Show each line from the listing that includes the word "some".

>>

(* Let $(\bar x,\bar y)\in\mathbb{R}^2$, $n\ge 3$, and $a_k,b_k\in\mathbb{R}$ with $a_k^2+b_k^2\ne0$ for $k=1,\dots,n$, defining lines $l^k:=\{(x,y): a_k(x-\bar x)+b_k(y-\bar y)-1=0\}$ (none passes through $(\bar x,\bar y)$). Assume $$a_ib_{i^\oplus}-b_ia_{i^\oplus}>0\quad\text{for all } i\in\{1,\dots,n\},$$ and $$-a_k(b_i-b_j)+b_k(a_i-a_j)-(a_ib_j-b_ia_j)<0\quad\text{for all } i\in\{1,\dots,n\},\ j=i^{\oplus},\ k\in\{1,\dots,n\}\setminus\{i,j\}.$$ Let $S:=\{(x,y): a_k(x-\bar x)+b_k(y-\bar y)-1\le0\text{ for all }k\}$. Then the boundary of $S$ is an enclosed, non-degenerate, $n$-sided convex polygon containing $(\bar x,\bar y)$ in its interior, namely the closed polygon formed by the sequence $(V_{12},V_{23},\dots,V_{(n-1)n},V_{n1},V_{12})$ with $V_{ii^\oplus}:=l^i\cap l^{i^\oplus}$, whose $n$ vertices are pairwise distinct with no three cyclically consecutive ones collinear.
   Context: For $i\in\{1,\dots,n\}$, $i^{\oplus}:=i+1$ if $i\le n-1$ and $n^{\oplus}:=1$. *)

theory Defs
  imports "HOL-Analysis.Analysis"
begin

definition cyc_succ :: "nat \<Rightarrow> nat \<Rightarrow> nat" where
  "cyc_succ n i = (if i \<le> n - 1 then i + 1 else 1)"

definition line_k :: "(nat \<Rightarrow> real) \<Rightarrow> (nat \<Rightarrow> real) \<Rightarrow> real \<Rightarrow> real \<Rightarrow> nat \<Rightarrow> (real \<times> real) set" where
  "line_k a b xb yb k = {(x, y). a k * (x - xb) + b k * (y - yb) - 1 = 0}"

definition region_S :: "nat \<Rightarrow> (nat \<Rightarrow> real) \<Rightarrow> (nat \<Rightarrow> real) \<Rightarrow> real \<Rightarrow> real \<Rightarrow> (real \<times> real) set" where
  "region_S n a b xb yb = {(x, y). \<forall>k\<in>{1..n}. a k * (x - xb) + b k * (y - yb) - 1 \<le> 0}"

end

theory Submission
  imports Defs
begin

text \<open>Write \<open>f\<^sub>k(p) = a\<^sub>k (x - x\<^sub>0) + b\<^sub>k (y - y\<^sub>0)\<close>, so that \<open>S = {p. f\<^sub>k(p) \<le> 1 for all k}\<close>.
  The vertex \<open>V\<^sub>i\<close> is obtained from Cramer's rule, and the second hypothesis says precisely that
  \<open>f\<^sub>k(V\<^sub>i) < 1\<close> for \<open>k \<noteq> i, i\<^sup>\<oplus>\<close>. Consequently, on the line \<open>l\<^sup>k\<close> the two neighbouring
  constraints cut \<open>S\<close> down to the edge \<open>[V\<^sub>k\<^sub>-\<^sub>1, V\<^sub>k]\<close>. Both hypotheses together show that every
  direction \<open>d \<noteq> 0\<close> has \<open>(a\<^sub>k, b\<^sub>k) \<bullet> d > 0\<close> for some \<open>k\<close>, so every line through a point of \<open>S\<close>
  leaves \<open>S\<close> in both directions through edges; hence \<open>S\<close> is the convex hull of the vertices.
  The frontier of \<open>S\<close> consists of the points of \<open>S\<close> where some constraint is tight, i.e. of
  the edges.\<close>

lemma cyc_succ_in_range: "i \<in> {1..n} \<Longrightarrow> cyc_succ n i \<in> {1..n}"
  by (auto simp: cyc_succ_def)

lemma cyc_succ_neq: "n \<ge> 2 \<Longrightarrow> i \<in> {1..n} \<Longrightarrow> cyc_succ n i \<noteq> i"
  by (auto simp: cyc_succ_def)

lemma cyc_succ_cyc_succ_neq: "n \<ge> 3 \<Longrightarrow> i \<in> {1..n} \<Longrightarrow> cyc_succ n (cyc_succ n i) \<noteq> i"
  by (auto simp: cyc_succ_def)

lemma cyc_succ_surj_on:
  assumes "i \<in> {1..n}"
  obtains q where "q \<in> {1..n}" "cyc_succ n q = i"
proof (cases "i = 1")
  case True
  then show ?thesis using assms by (intro that[of n]) (auto simp: cyc_succ_def)
next
  case False
  then show ?thesis using assms by (intro that[of "i - 1"]) (auto simp: cyc_succ_def)
qed

locale half_planes =
  fixes a b :: "nat \<Rightarrow> real" and xb yb :: real
begin

definition form :: "nat \<Rightarrow> real \<times> real \<Rightarrow> real" where
  "form k p = a k * (fst p - xb) + b k * (snd p - yb)"

definition det :: "nat \<Rightarrow> nat \<Rightarrow> real" where
  "det i j = a i * b j - b i * a j"

definition vertex :: "nat \<Rightarrow> nat \<Rightarrow> real \<times> real" where
  "vertex i j = (xb + (b j - b i) / det i j, yb + (a i - a j) / det i j)"

lemma region_S_eq: "region_S n a b xb yb = {p. \<forall>k\<in>{1..n}. form k p \<le> 1}"
  by (auto simp: region_S_def form_def)

lemma line_k_eq: "line_k a b xb yb k = {p. form k p = 1}"
  by (auto simp: line_k_def form_def)

lemma form_center [simp]: "form k (xb, yb) = 0"
  by (simp add: form_def)

lemma form_affine:
  assumes "u + v = 1"
  shows "form k (u *\<^sub>R p + v *\<^sub>R q) = u * form k p + v * form k q"
proof -
  have "form k (u *\<^sub>R p + v *\<^sub>R q) = u * form k p + v * form k q - (1 - u - v) * (a k * xb + b k * yb)"
    by (simp add: form_def algebra_simps)
  with assms show ?thesis by simp
qed

lemma form_add_scaleR: "form k (p + t *\<^sub>R d) = form k p + t * (a k * fst d + b k * snd d)"
  by (simp add: form_def algebra_simps)

lemma form_vertex: "form k (vertex i j) = (a k * (b j - b i) + b k * (a i - a j)) / det i j"
  by (simp add: form_def vertex_def add_divide_distrib)

lemma vertex_on_lines:
  assumes "det i j \<noteq> 0"
  shows "form i (vertex i j) = 1" "form j (vertex i j) = 1"
  using assms by (simp_all add: form_vertex det_def field_simps)

lemma lines_inter_eq_vertex:
  assumes "det i j \<noteq> 0"
  shows "line_k a b xb yb i \<inter> line_k a b xb yb j = {vertex i j}"
proof -
  have "p = vertex i j" if "form i p = 1" "form j p = 1" for p
  proof -
    obtain x y where p: "p = (x, y)" by fastforce
    have "(x - xb) * det i j = b j * form i p - b i * form j p"
      and "(y - yb) * det i j = a i * form j p - a j * form i p"
      by (simp_all add: p form_def det_def algebra_simps)
    then have "x - xb = (b j - b i) / det i j" "y - yb = (a i - a j) / det i j"
      using that assms by (simp_all add: eq_divide_eq)
    then show ?thesis by (simp add: p vertex_def)
  qed
  with vertex_on_lines[OF assms] show ?thesis unfolding line_k_eq by blast
qed

lemma form_closed_segment:
  assumes "p \<in> closed_segment P Q" "form k P = c" "form k Q = c"
  shows "form k p = c"
proof -
  obtain u where "p = (1 - u) *\<^sub>R P + u *\<^sub>R Q" using assms(1) by (auto simp: closed_segment_def)
  then have "form k p = (1 - u) * form k P + u * form k Q" by (simp add: form_affine)
  then show ?thesis using assms(2,3) by (simp add: algebra_simps)
qed

lemma not_collinear_off_line:
  assumes "form k P = 1" "form k Q = 1" "form k R < 1" "P \<noteq> Q"
  shows "\<not> collinear {P, Q, R}"
proof
  assume "collinear {P, Q, R}"
  then have "collinear {P, R, Q}" by (simp add: insert_commute)
  then obtain u where "R = u *\<^sub>R P + (1 - u) *\<^sub>R Q"
    using \<open>P \<noteq> Q\<close> unfolding collinear_3_expand by blast
  then have "form k R = 1" using assms(1,2) by (simp add: form_affine)
  with assms(3) show False by simp
qed

lemma line_difference_parallel:
  assumes "(a k)\<^sup>2 + (b k)\<^sup>2 \<noteq> 0" "form k P = form k Q"
  obtains u where "P - Q = u *\<^sub>R (b k, - a k)"
proof
  define X Y N where "X = fst P - fst Q" and "Y = snd P - snd Q" and "N = (a k)\<^sup>2 + (b k)\<^sup>2"
  have orth: "a k * X + b k * Y = 0"
    using assms(2) by (simp add: form_def X_def Y_def algebra_simps)
  have "(b k * X - a k * Y) * b k = X * N - a k * (a k * X + b k * Y)"
    and "(b k * X - a k * Y) * - a k = Y * N - b k * (a k * X + b k * Y)"
    by (simp_all add: N_def power2_eq_square algebra_simps)
  with orth assms(1) show "P - Q = ((b k * X - a k * Y) / N) *\<^sub>R (b k, - a k)"
    by (simp add: prod_eq_iff X_def Y_def N_def field_simps)
qed

lemma on_line_affine_combination:
  assumes "(a k)\<^sup>2 + (b k)\<^sup>2 \<noteq> 0" "form k p = form k P" "form k Q = form k P" "P \<noteq> Q"
  obtains t where "p = (1 - t) *\<^sub>R P + t *\<^sub>R Q"
proof -
  obtain \<alpha> where \<alpha>: "p - P = \<alpha> *\<^sub>R (b k, - a k)" using line_difference_parallel assms(1,2) .
  obtain \<beta> where \<beta>: "Q - P = \<beta> *\<^sub>R (b k, - a k)" using line_difference_parallel assms(1,3) .
  have "\<beta> \<noteq> 0"
  proof
    assume "\<beta> = 0"
    with \<beta> have "Q - P = 0" by (simp add: zero_prod_def)
    with \<open>P \<noteq> Q\<close> show False by simp
  qed
  with \<alpha> \<beta> have "p - P = (\<alpha> / \<beta>) *\<^sub>R (Q - P)" by simp
  then have "p = (1 - \<alpha> / \<beta>) *\<^sub>R P + (\<alpha> / \<beta>) *\<^sub>R Q" by (simp add: algebra_simps)
  then show ?thesis by (rule that)
qed

lemma convex_region_S: "convex (region_S n a b xb yb)"
proof -
  have "region_S n a b xb yb = (\<Inter>k\<in>{1..n}. {p. (a k, b k) \<bullet> p \<le> 1 + a k * xb + b k * yb})"
    by (auto simp: region_S_eq form_def inner_Pair algebra_simps)
  then show ?thesis by (simp add: convex_INT convex_halfspace_le)
qed

lemma closed_region_S: "closed (region_S n a b xb yb)"
proof -
  have "region_S n a b xb yb = (\<Inter>k\<in>{1..n}. {p. form k p \<le> 1})" by (auto simp: region_S_eq)
  moreover have "closed {p. form k p \<le> 1}" for k
    unfolding form_def by (intro closed_Collect_le continuous_intros)
  ultimately show ?thesis by auto
qed

lemma interior_region_S:
  assumes "\<forall>k\<in>{1..n}. (a k)\<^sup>2 + (b k)\<^sup>2 \<noteq> 0"
  shows "interior (region_S n a b xb yb) = {p. \<forall>k\<in>{1..n}. form k p < 1}"
proof
  have "open {p. form k p < 1}" for k
    unfolding form_def by (intro open_Collect_less continuous_intros)
  then have "open {p. \<forall>k\<in>{1..n}. form k p < 1}" by (auto simp: Collect_ball_eq)
  then show "{p. \<forall>k\<in>{1..n}. form k p < 1} \<subseteq> interior (region_S n a b xb yb)"
    by (rule interior_maximal[rotated]) (auto simp: region_S_eq)
next
  show "interior (region_S n a b xb yb) \<subseteq> {p. \<forall>k\<in>{1..n}. form k p < 1}"
  proof (safe, rule ccontr)
    fix p k assume p: "p \<in> interior (region_S n a b xb yb)" and k: "k \<in> {1..n}"
      and not_less: "\<not> form k p < 1"
    obtain e where e: "e > 0" "ball p e \<subseteq> region_S n a b xb yb"
      using p by (auto simp: mem_interior)
    define w where "w = (a k, b k)"
    have "w \<noteq> 0" using assms k by (auto simp: w_def zero_prod_def)
    define t where "t = e / (2 * norm w)"
    have t: "t > 0" using e \<open>w \<noteq> 0\<close> by (simp add: t_def)
    have "dist p (p + t *\<^sub>R w) = e / 2" using \<open>w \<noteq> 0\<close> e(1) by (simp add: dist_norm t_def)
    then have "p + t *\<^sub>R w \<in> region_S n a b xb yb" using e by auto
    then have "form k (p + t *\<^sub>R w) \<le> 1" using k by (simp add: region_S_eq)
    moreover have "form k (p + t *\<^sub>R w) = form k p + t * ((a k)\<^sup>2 + (b k)\<^sup>2)"
      unfolding form_add_scaleR by (simp add: w_def power2_eq_square)
    moreover have "t * ((a k)\<^sup>2 + (b k)\<^sup>2) > 0" using t assms k by (simp add: sum_power2_gt_zero_iff)
    ultimately show False using not_less by linarith
  qed
qed

lemma frontier_region_S:
  assumes "\<forall>k\<in>{1..n}. (a k)\<^sup>2 + (b k)\<^sup>2 \<noteq> 0"
  shows "frontier (region_S n a b xb yb) = {p \<in> region_S n a b xb yb. \<exists>k\<in>{1..n}. form k p = 1}"
  using closed_region_S interior_region_S[OF assms]
  by (force simp: frontier_def region_S_eq)

end

locale cyclic_half_planes = half_planes +
  fixes n :: nat
  assumes n_ge_3: "n \<ge> 3"
    and normal_nonzero: "\<forall>k\<in>{1..n}. (a k)\<^sup>2 + (b k)\<^sup>2 \<noteq> 0"
    and turning: "\<forall>i\<in>{1..n}. a i * b (cyc_succ n i) - b i * a (cyc_succ n i) > 0"
    and vertex_condition: "\<forall>i\<in>{1..n}. \<forall>k\<in>{1..n} - {i, cyc_succ n i}.
           let j = cyc_succ n i in
           - a k * (b i - b j) + b k * (a i - a j) - (a i * b j - b i * a j) < 0"
begin

abbreviation s :: "nat \<Rightarrow> nat" where "s \<equiv> cyc_succ n"

abbreviation S :: "(real \<times> real) set" where "S \<equiv> region_S n a b xb yb"

definition V :: "nat \<Rightarrow> real \<times> real" where "V i = vertex i (s i)"

lemma s_in_range: "i \<in> {1..n} \<Longrightarrow> s i \<in> {1..n}"
  by (rule cyc_succ_in_range)

lemma s_neq: "i \<in> {1..n} \<Longrightarrow> s i \<noteq> i"
  using n_ge_3 by (simp add: cyc_succ_neq)

lemma s_s_neq: "i \<in> {1..n} \<Longrightarrow> s (s i) \<noteq> i"
  using n_ge_3 by (rule cyc_succ_cyc_succ_neq)

lemma det_succ_pos: "i \<in> {1..n} \<Longrightarrow> det i (s i) > 0"
  using turning by (simp add: det_def)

<<

=== RESPONSE TO THIS TASK ===
  direction \<open>d \<noteq> 0\<close> has \<open>(a\<^sub>k, b\<^sub>k) \<bullet> d > 0\<close> for some \<open>k\<close>, so every line through a point of \<open>S\<close>
  The frontier of \<open>S\<close> consists of the points of \<open>S\<close> where some constraint is tight, i.e. of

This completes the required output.